_WORK REQUIRED_
Below this sentence is a listing; return exactly its lines from the one with "by (simp add: normv2_unit_vec)" to the one with "(cmod z)\<^sup>2) *", both kept, and nothing more.
BEGIN DATA RECORDS
lemma ext_inf_commute:
  "a \<in> ext_carrier L J M \<Longrightarrow> b \<in> ext_carrier L J M \<Longrightarrow> ext_inf L J M a b = ext_inf L J M b a"
  by (simp add: ext_inf_eq_meet meet_comm)

lemma ext_sup_assoc:
  "a \<in> ext_carrier L J M \<Longrightarrow> b \<in> ext_carrier L J M \<Longrightarrow> c \<in> ext_carrier L J M \<Longrightarrow>
    ext_sup L J M (ext_sup L J M a b) c = ext_sup L J M a (ext_sup L J M b c)"
  by (simp add: ext_sup_eq_join ext.join_assoc ext.join_closed[simplified])

lemma ext_inf_assoc:
  "a \<in> ext_carrier L J M \<Longrightarrow> b \<in> ext_carrier L J M \<Longrightarrow> c \<in> ext_carrier L J M \<Longrightarrow>
    ext_inf L J M (ext_inf L J M a b) c = ext_inf L J M a (ext_inf L J M b c)"
  by (simp add: ext_inf_eq_meet ext.meet_assoc ext.meet_closed[simplified])

lemma ext_sup_idem: "a \<in> ext_carrier L J M \<Longrightarrow> ext_sup L J M a a = a"
  by (simp add: ext_sup_eq_join join_def)

lemma ext_inf_idem: "a \<in> ext_carrier L J M \<Longrightarrow> ext_inf L J M a a = a"
  by (simp add: ext_inf_eq_meet meet_def)

lemma ext_inf_sup_absorb:
  "a \<in> ext_carrier L J M \<Longrightarrow> b \<in> ext_carrier L J M \<Longrightarrow> ext_inf L J M (ext_sup L J M a b) b = b"
  using ext.join_right ext.le_iff_join
  by (simp add: ext_sup_eq_join ext_inf_eq_meet ext.join_closed[simplified] meet_comm)
(* For $i\in\{1,2\}$ let $(\mathcal B_{i,\mathbb R},\mathcal S_i,e_i,m_i)$ be as in the context with the same constant $\kappa$. Let $A\in L(\mathcal B_{1,\mathbb R},\mathcal B_{2,\mathbb R})$ with $A(\mathcal C_{1,\mathbb R})\subset\mathcal C_{2,\mathbb R}$ and $\Delta_{\mathbb R}:=\operatorname{diam}_{d_H}(A(\mathcal C_{1,\mathbb R}))<\infty$, and extend $A$ complex-linearly to $\mathcal B_{1,\mathbb C}\to\mathcal B_{2,\mathbb C}$. Then \[\Delta_{\mathbb C}:=\operatorname{diam}_{\delta_{\mathcal C_{2,\mathbb C}}}(A(\mathcal C_{1,\mathbb C}))\le8\Delta_{\mathbb R}+2\ln[3\sqrt2\kappa^{-2}].\]
   Context: Cone setting. $V$ is a real topological vector space, $\mathcal S\subset V'$ a set of linear functionals such that $\ell(x)=0$ for all $\ell\in\mathcal S$ implies $x=0$, $C_{\mathbb R}=\{h\in V\setminus\{0\}:\ell(h)\ge0\ \forall\ell\in\mathcal S\}$, and $e\in C_{\mathbb R}$ such that for every $h\in V$ some $\lambda\ge0$ has $\lambda e-h\in C_{\mathbb R}$. Norm $\|h\|=\inf\{\lambda\ge0:\ell(\lambda e\pm h)\ge0\ \forall\ell\in\mathcal S\}$; $\mathcal B_{\mathbb R}$ the completion; $\mathcal C_{\mathbb R}=\{h\in\mathcal B_{\mathbb R}\setminus\{0\}:\ell(h)\ge0\ \forall\ell\in\mathcal S\}$. $\mathcal S_*$ is the weak-$*$ closure of the convex hull of $\{\lambda\ell:\lambda>0,\ell\in\mathcal S\}$; there are $m\in\mathcal S_*$, $\kappa\in(0,1)$ with $m(e)=1$ and $m(h)\ge\kappa\|h\|$ on $\mathcal C_{\mathbb R}$. Hilbert metric on $\mathcal C_{\mathbb R}$: $d_H(h,g)=\ln(\beta/\alpha)$, $\alpha=\sup\{\lambda>0:g-\lambda h\in\mathcal C_{\mathbb R}\}$, $\beta=\inf\{\mu>0:\mu h-g\in\mathcal C_{\mathbb R}\}$. $\mathcal B_{\mathbb C}$ is the complexification (norm $\sup_\theta(\|\Re(e^{i\theta}(x+iy))\|^2+\|\Im(e^{i\theta}(x+iy))\|^2)^{1/2}$), real functionals extended complex-linearly. $\mathcal C_{\mathbb C}=\{z(x+iy):z\ne0,x,y\in\mathcal C_{\mathbb R}\}$, $\mathcal C'_{\mathbb C}=\{\ell\in\mathcal B'_{\mathbb C}:\ell(h)\ne0\ \forall h\in\mathcal C_{\mathbb C}\}$, $E(h,g)=\{\ell(h)/\ell(g):\ell\in\mathcal C'_{\mathbb C}\}$, $\delta_{\mathcal C}(h,g)=\ln\frac{\sup_{E(h,g)}|z|}{\inf_{E(h,g)}|z|}$; diameters in $\mathcal C_{\mathbb C}$ are w.r.t. $\delta_{\mathcal C}$. Objects of the $i$-th space carry index $i$. *)

theory Defs
  imports "HOL-Analysis.Analysis"
begin
lemma kernel_integral_ge: "ennreal (c\<^sup>2) \<le> (\<integral>\<^sup>+ z. ennreal (cauchy_kernel n z) \<partial>\<mu>)"
  using bounded_below[OF unit_vec_l2v] by (simp add: normv2_unit_vec norm_Hop_unit_vec)

lemma c_sq_le_C: "c\<^sup>2 \<le> C"
proof -
  have "ennreal (c\<^sup>2) \<le> ennreal C"
    using order_trans[OF bounded_below[OF unit_vec_l2v[of 0]] bounded[OF unit_vec_l2v[of 0]]]
    by (simp add: normv2_unit_vec)
  thus ?thesis using c_pos by (auto simp: ennreal_le_iff2)
qed

lemma C_nonneg: "C \<ge> 0"
  using c_sq_le_C by (smt (verit) zero_le_power2)

lemma outer_V_integral_le:
  assumes n: "n \<ge> 1"
  shows "(\<integral>\<^sup>+ z \<in> {z. \<rho> (n - 1) \<le> cmod z}. ennreal (V n / (cmod z)\<^sup>2) \<partial>\<mu>) \<le> ennreal (4 * C)"
proof -
  define \<kappa> where "\<kappa> = 2 / sqrt (V n)"
  have Vp: "V n > 0" by (rule V_pos)
  have k2: "\<kappa>\<^sup>2 = 4 / V n" using Vp by (simp add: \<kappa>_def power_divide)
  define a where "a = (\<lambda>j. if j < n then complex_of_real \<kappa> else 0)"
  have a: "a \<in> l2v v" "normv2 v a = \<kappa>\<^sup>2 * V n"
    using n finite_support_l2v[of "{..<n}" a v] by (auto simp: a_def Vs_def sum_distrib_left)
  hence nv: "normv2 v a = 4" using k2 Vp by simp
  have pw: "ennreal (V n / (cmod z)\<^sup>2) * indicator {z. \<rho> (n - 1) \<le> cmod z} z
            \<le> ennreal ((cmod (Hop \<gamma> v a z))\<^sup>2)" for z
  proof (cases "\<rho> (n - 1) \<le> cmod z")
    case True
    have zp: "cmod z > 0" using True rho_pos[of "n-1"] by linarith
    let ?S = "\<Sum>j<n. complex_of_real (v j) / (z - \<gamma> j)"
    have "cmod (\<gamma> j) < cmod z" if "j < n" for j
    proof -
      have "g j \<le> g (n - 1)" using that by (intro g_le) simp
      thus ?thesis using rho_gt[of "n - 1"] True by (simp add: g_def)
    qed
    hence "V n / (2 * cmod z) \<le> cmod ?S"
      using norm_sum_cauchy_ge[of "{..<n}" \<gamma> z v] v_pos n by (simp add: Vs_def less_imp_le)
    hence "(V n / (2 * cmod z))\<^sup>2 \<le> (cmod ?S)\<^sup>2"
      using Vp zp by (intro power_mono) auto
    hence "\<kappa>\<^sup>2 * (V n / (2 * cmod z))\<^sup>2 \<le> \<kappa>\<^sup>2 * (cmod ?S)\<^sup>2"
      by (intro mult_left_mono) auto
    moreover have "\<kappa>\<^sup>2 * (V n / (2 * cmod z))\<^sup>2 = V n / (cmod z)\<^sup>2"
      using Vp zp unfolding k2 by (simp add: power2_eq_square field_simps)
    moreover have "Hop \<gamma> v a z = complex_of_real \<kappa> * ?S"
      using Hop_finite_support[of "{..<n}" a \<gamma> v z] by (simp add: a_def sum_distrib_left)
    ultimately show ?thesis
      using True by (simp add: ennreal_leI norm_mult power_mult_distrib)
  qed simp
  have "(\<integral>\<^sup>+ z \<in> {z. \<rho> (n - 1) \<le> cmod z}. ennreal (V n / (cmod z)\<^sup>2) \<partial>\<mu>)
        \<le> (\<integral>\<^sup>+ z. ennreal ((cmod (Hop \<gamma> v a z))\<^sup>2) \<partial>\<mu>)"
    by (rule nn_integral_mono) (rule pw)
  also have "\<dots> \<le> ennreal (4 * C)"
    using bounded[OF a(1)] by (simp add: nv mult.commute)
  finally show ?thesis .
qed

lemma norm_tail_sum_ge:
  assumes z: "cmod z < \<rho> n"
  defines "s \<equiv> (\<lambda>j. if n < j then complex_of_real (v j) / (cnj (\<gamma> j) * (z - \<gamma> j)) else 0)"
  shows "summable s" and "P n / 2 \<le> cmod (suminf s)"
proof -
  define \<sigma> where "\<sigma> = cmod z / g (Suc n)"
  have gS: "g (Suc n) > 0" by (rule g_pos)
  have \<sigma>1: "\<sigma> < 1" using z rho_lt[of n] gS by (simp add: \<sigma>_def divide_less_eq)
  have \<sigma>0: "\<sigma> \<ge> 0" using gS by (simp add: \<sigma>_def)
  have zle: "cmod z \<le> \<sigma> * g j" if "n < j" for j
  proof -
    have "cmod z = \<sigma> * g (Suc n)" using gS by (simp add: \<sigma>_def)
    also have "\<dots> \<le> \<sigma> * g j" using that \<sigma>0 by (intro mult_left_mono g_le) auto
    finally show ?thesis .
  qed
  have zlt: "cmod z < cmod (\<gamma> j)" if "n < j" for j
  proof -
    have "g (Suc n) \<le> g j" using that by (intro g_le) auto
    thus ?thesis using z rho_lt[of n] by (simp add: g_def)
  qed
  have norm_s: "norm (s j) \<le> P_summand n j / (1 - \<sigma>)" for j
  proof (cases "n < j")
    case True
    have gj: "g j > 0" by (rule g_pos)
    have "cmod (\<gamma> j) - cmod z \<le> cmod (z - \<gamma> j)" by (metis norm_minus_commute norm_triangle_ineq2)
    hence d: "(1 - \<sigma>) * g j \<le> cmod (z - \<gamma> j)" using zle[OF True] by (simp add: g_def algebra_simps)
    have pos: "(1 - \<sigma>) * g j > 0" using \<sigma>1 gj by simp
    have "norm (s j) = v j / (g j * cmod (z - \<gamma> j))"
      using True v_pos[of j] by (simp add: s_def norm_divide norm_mult g_def)
    also have "\<dots> \<le> v j / (g j * ((1 - \<sigma>) * g j))"
    proof -
      have "cmod (z - \<gamma> j) > 0" using d pos by linarith
      thus ?thesis using d pos gj v_pos[of j] \<sigma>1 by (intro divide_left_mono mult_left_mono mult_pos_pos) auto
    qed
    also have "\<dots> = P_summand n j / (1 - \<sigma>)"
      using True \<sigma>1 by (simp add: P_summand_def power2_eq_square)
    finally show ?thesis .
  qed (simp add: s_def P_summand_def)
  have st: "summable (P_summand n)" using sums_P by (rule sums_summable)
  show sm: "summable s"
    by (rule summable_comparison_test'[where N=0, OF summable_divide[OF st]]) (use norm_s in auto)
  have Re_s: "P_summand n j / 2 \<le> - Re (s j)" for j
  proof (cases "n < j")
    case True
    have ne: "z - \<gamma> j \<noteq> 0" "\<gamma> j - z \<noteq> 0" using zlt[OF True] by auto
    have cnj_\<gamma>: "cnj (\<gamma> j) = complex_of_real ((g j)\<^sup>2) / \<gamma> j"
      using complex_norm_square[of "\<gamma> j"] \<gamma>_nonzero[of j] by (simp add: g_def field_simps)
    define w where "w = \<gamma> j / (\<gamma> j - z)"
    have "s j = - complex_of_real (v j / (g j)\<^sup>2) * w"
      using True ne \<gamma>_nonzero[of j] g_pos[of j] by (simp add: s_def cnj_\<gamma> w_def field_simps)
    hence "- Re (s j) = v j / (g j)\<^sup>2 * Re w" by simp
    hence "- Re (s j) = v j / (g j)\<^sup>2 * Re (\<gamma> j / (\<gamma> j - z))" by (simp add: w_def)
    also have "\<dots> \<ge> v j / (g j)\<^sup>2 * (1/2)"
      using Re_divide_diff_ge_half[OF zlt[OF True]] v_pos[of j] by (intro mult_left_mono) auto
    finally show ?thesis using True by (simp add: P_summand_def)
  qed (simp add: s_def P_summand_def)
  have "P n / 2 = (\<Sum>j. P_summand n j / 2)" using sums_P by (simp add: sums_iff suminf_divide)
  also have "\<dots> \<le> (\<Sum>j. - Re (s j))"
    using Re_s summable_divide[OF st] summable_minus[OF summable_Re[OF sm]] by (rule suminf_le)
  also have "\<dots> = - Re (suminf s)"
    using Re_suminf[OF sm] summable_Re[OF sm] by (simp add: suminf_minus)
  also have "\<dots> \<le> cmod (suminf s)" using abs_Re_le_cmod[of "suminf s"] by linarith
  finally show "P n / 2 \<le> cmod (suminf s)" .
qed

lemma disc_P_integral_le:
  "(\<integral>\<^sup>+ z \<in> {z. cmod z < \<rho> n}. ennreal (P n) \<partial>\<mu>) \<le> ennreal (4 * C)"
proof -
  define \<kappa> where "\<kappa> = 2 / sqrt (P n)"
  have Pp: "P n > 0" by (rule P_pos)
  have k2: "\<kappa>\<^sup>2 = 4 / P n" using Pp by (simp add: \<kappa>_def power_divide)
  define a where "a = (\<lambda>j. if n < j then complex_of_real \<kappa> / cnj (\<gamma> j) else 0)"
  have "(\<lambda>j. (cmod (a j))\<^sup>2 * v j) = (\<lambda>j. \<kappa>\<^sup>2 * P_summand n j)"
    by (auto simp: a_def P_summand_def norm_divide power_divide g_def)
  hence sums_a: "(\<lambda>j. (cmod (a j))\<^sup>2 * v j) sums 4"
    using sums_mult[OF sums_P[of n], of "\<kappa>\<^sup>2"] k2 Pp by simp
  have a: "a \<in> l2v v" "normv2 v a = 4"
    using sums_a by (auto simp: l2v_def normv2_def sums_iff)
  have pw: "ennreal (P n) * indicator {z. cmod z < \<rho> n} z \<le> ennreal ((cmod (Hop \<gamma> v a z))\<^sup>2)" for z
  proof (cases "cmod z < \<rho> n")
    case True
    define s where "s = (\<lambda>j. if n < j then complex_of_real (v j) / (cnj (\<gamma> j) * (z - \<gamma> j)) else 0)"
    have sm: "summable s" and lo: "P n / 2 \<le> cmod (suminf s)"
      using norm_tail_sum_ge[OF True] by (simp_all add: s_def)
    have "(\<lambda>j. a j * complex_of_real (v j) / (z - \<gamma> j)) = (\<lambda>j. complex_of_real \<kappa> * s j)"
      by (auto simp: a_def s_def)
    hence "Hop \<gamma> v a z = complex_of_real \<kappa> * suminf s"
      unfolding Hop_def using suminf_mult[OF sm] by simp
    hence "(cmod (Hop \<gamma> v a z))\<^sup>2 = \<kappa>\<^sup>2 * (cmod (suminf s))\<^sup>2"
      by (simp add: norm_mult power_mult_distrib)
    moreover have "(P n / 2)\<^sup>2 \<le> (cmod (suminf s))\<^sup>2" using lo Pp by (intro power_mono) auto
    hence "\<kappa>\<^sup>2 * (P n / 2)\<^sup>2 \<le> \<kappa>\<^sup>2 * (cmod (suminf s))\<^sup>2" by (intro mult_left_mono) auto
    moreover have "\<kappa>\<^sup>2 * (P n / 2)\<^sup>2 = P n" using Pp unfolding k2 by (simp add: power2_eq_square)
    ultimately show ?thesis using True by (simp add: ennreal_leI)
  qed simp
  have "(\<integral>\<^sup>+ z \<in> {z. cmod z < \<rho> n}. ennreal (P n) \<partial>\<mu>)
        \<le> (\<integral>\<^sup>+ z. ennreal ((cmod (Hop \<gamma> v a z))\<^sup>2) \<partial>\<mu>)"
    by (rule nn_integral_mono) (rule pw)
  also have "\<dots> \<le> ennreal (4 * C)" using bounded[OF a(1)] by (simp add: a(2) mult.commute)
  finally show ?thesis .
qed

lemma emeasure_disc_le: "emeasure \<mu> {z. cmod z < \<rho> n} \<le> ennreal (4 * C / P n)"
proof (rule ennreal_le_divide_of_mult_le[OF P_pos])
  show "ennreal (P n) * emeasure \<mu> {z. cmod z < \<rho> n} \<le> ennreal (4 * C)"
    using disc_P_integral_le[of n] by (simp add: nn_integral_cmult_indicator sets_\<mu>)
qed

lemma kernel_le_outside:
  assumes "\<rho> n \<le> cmod z"
  shows "cauchy_kernel n z \<le> v n / (\<eta>\<^sub>o\<^sub>u\<^sub>t\<^sup>2 * (cmod z)\<^sup>2)"
proof -
  have zp: "cmod z > 0" using assms rho_pos[of n] by linarith
  have "g n * (1 + q) \<le> 2 * \<rho> n" using g_Suc[of n] by (simp add: \<rho>_def algebra_simps)
  hence "(q - 1) * cmod z \<le> (cmod z - g n) * (q + 1)" using assms by (simp add: algebra_simps)
  hence "\<eta>\<^sub>o\<^sub>u\<^sub>t * cmod z \<le> cmod z - g n" using q_gt_1 by (simp add: \<eta>\<^sub>o\<^sub>u\<^sub>t_def divide_le_eq mult.commute)
  also have "cmod z - g n \<le> cmod (z - \<gamma> n)" using norm_triangle_ineq2[of z "\<gamma> n"] by (simp add: g_def)
  finally have dd: "\<eta>\<^sub>o\<^sub>u\<^sub>t * cmod z \<le> cmod (z - \<gamma> n)" .
  have p: "\<eta>\<^sub>o\<^sub>u\<^sub>t * cmod z > 0" using eta_pos zp by simp
  have "(\<eta>\<^sub>o\<^sub>u\<^sub>t * cmod z)\<^sup>2 \<le> (cmod (z - \<gamma> n))\<^sup>2" using dd p by (intro power_mono) auto
  hence "v n / (cmod (z - \<gamma> n))\<^sup>2 \<le> v n / (\<eta>\<^sub>o\<^sub>u\<^sub>t * cmod z)\<^sup>2"
    using p v_pos[of n] dd by (intro divide_left_mono mult_pos_pos) auto
  thus ?thesis by (simp add: power_mult_distrib)
qed

lemma kernel_le_inside:
  assumes n: "n \<ge> 1" and z: "cmod z < \<rho> (n - 1)"
  shows "cauchy_kernel n z \<le> v n / (\<eta>\<^sub>i\<^sub>n\<^sup>2 * (g n)\<^sup>2)"
proof -
  have "q * g (n - 1) \<le> g n" using g_Suc[of "n - 1"] n by simp
  hence "2 * q * \<rho> (n - 1) \<le> (1 + q) * g n" using n by (simp add: \<rho>_def algebra_simps)
  hence "2 * q * cmod z \<le> (1 + q) * g n" using z q_gt_1 by (smt (verit) mult_left_mono)
  hence "(q - 1) * g n \<le> (g n - cmod z) * (2 * q)" by (simp add: algebra_simps)
  hence "\<eta>\<^sub>i\<^sub>n * g n \<le> g n - cmod z" using q_gt_1 by (simp add: \<eta>\<^sub>i\<^sub>n_def divide_le_eq mult.commute)
  also have "g n - cmod z \<le> cmod (z - \<gamma> n)"
    using norm_triangle_ineq2[of "\<gamma> n" z] by (simp add: g_def norm_minus_commute)
  finally have dd: "\<eta>\<^sub>i\<^sub>n * g n \<le> cmod (z - \<gamma> n)" .
  have p: "\<eta>\<^sub>i\<^sub>n * g n > 0" using eta_pos g_pos[of n] by simp
  have "(\<eta>\<^sub>i\<^sub>n * g n)\<^sup>2 \<le> (cmod (z - \<gamma> n))\<^sup>2" using dd p by (intro power_mono) auto
  hence "v n / (cmod (z - \<gamma> n))\<^sup>2 \<le> v n / (\<eta>\<^sub>i\<^sub>n * g n)\<^sup>2"
    using p v_pos[of n] dd by (intro divide_left_mono mult_pos_pos) auto
  thus ?thesis by (simp add: power_mult_distrib)
qed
END DATA RECORDS
_WRITTEN RESPONSE_
    by (simp add: normv2_unit_vec)
  thus ?thesis using c_pos by (auto simp: ennreal_le_iff2)
qed

lemma C_nonneg: "C \<ge> 0"
  using c_sq_le_C by (smt (verit) zero_le_power2)

lemma outer_V_integral_le:
  assumes n: "n \<ge> 1"
  shows "(\<integral>\<^sup>+ z \<in> {z. \<rho> (n - 1) \<le> cmod z}. ennreal (V n / (cmod z)\<^sup>2) \<partial>\<mu>) \<le> ennreal (4 * C)"
proof -
  define \<kappa> where "\<kappa> = 2 / sqrt (V n)"
  have Vp: "V n > 0" by (rule V_pos)
  have k2: "\<kappa>\<^sup>2 = 4 / V n" using Vp by (simp add: \<kappa>_def power_divide)
  define a where "a = (\<lambda>j. if j < n then complex_of_real \<kappa> else 0)"
  have a: "a \<in> l2v v" "normv2 v a = \<kappa>\<^sup>2 * V n"
    using n finite_support_l2v[of "{..<n}" a v] by (auto simp: a_def Vs_def sum_distrib_left)
  hence nv: "normv2 v a = 4" using k2 Vp by simp
  have pw: "ennreal (V n / (cmod z)\<^sup>2) * indicator {z. \<rho> (n - 1) \<le> cmod z} z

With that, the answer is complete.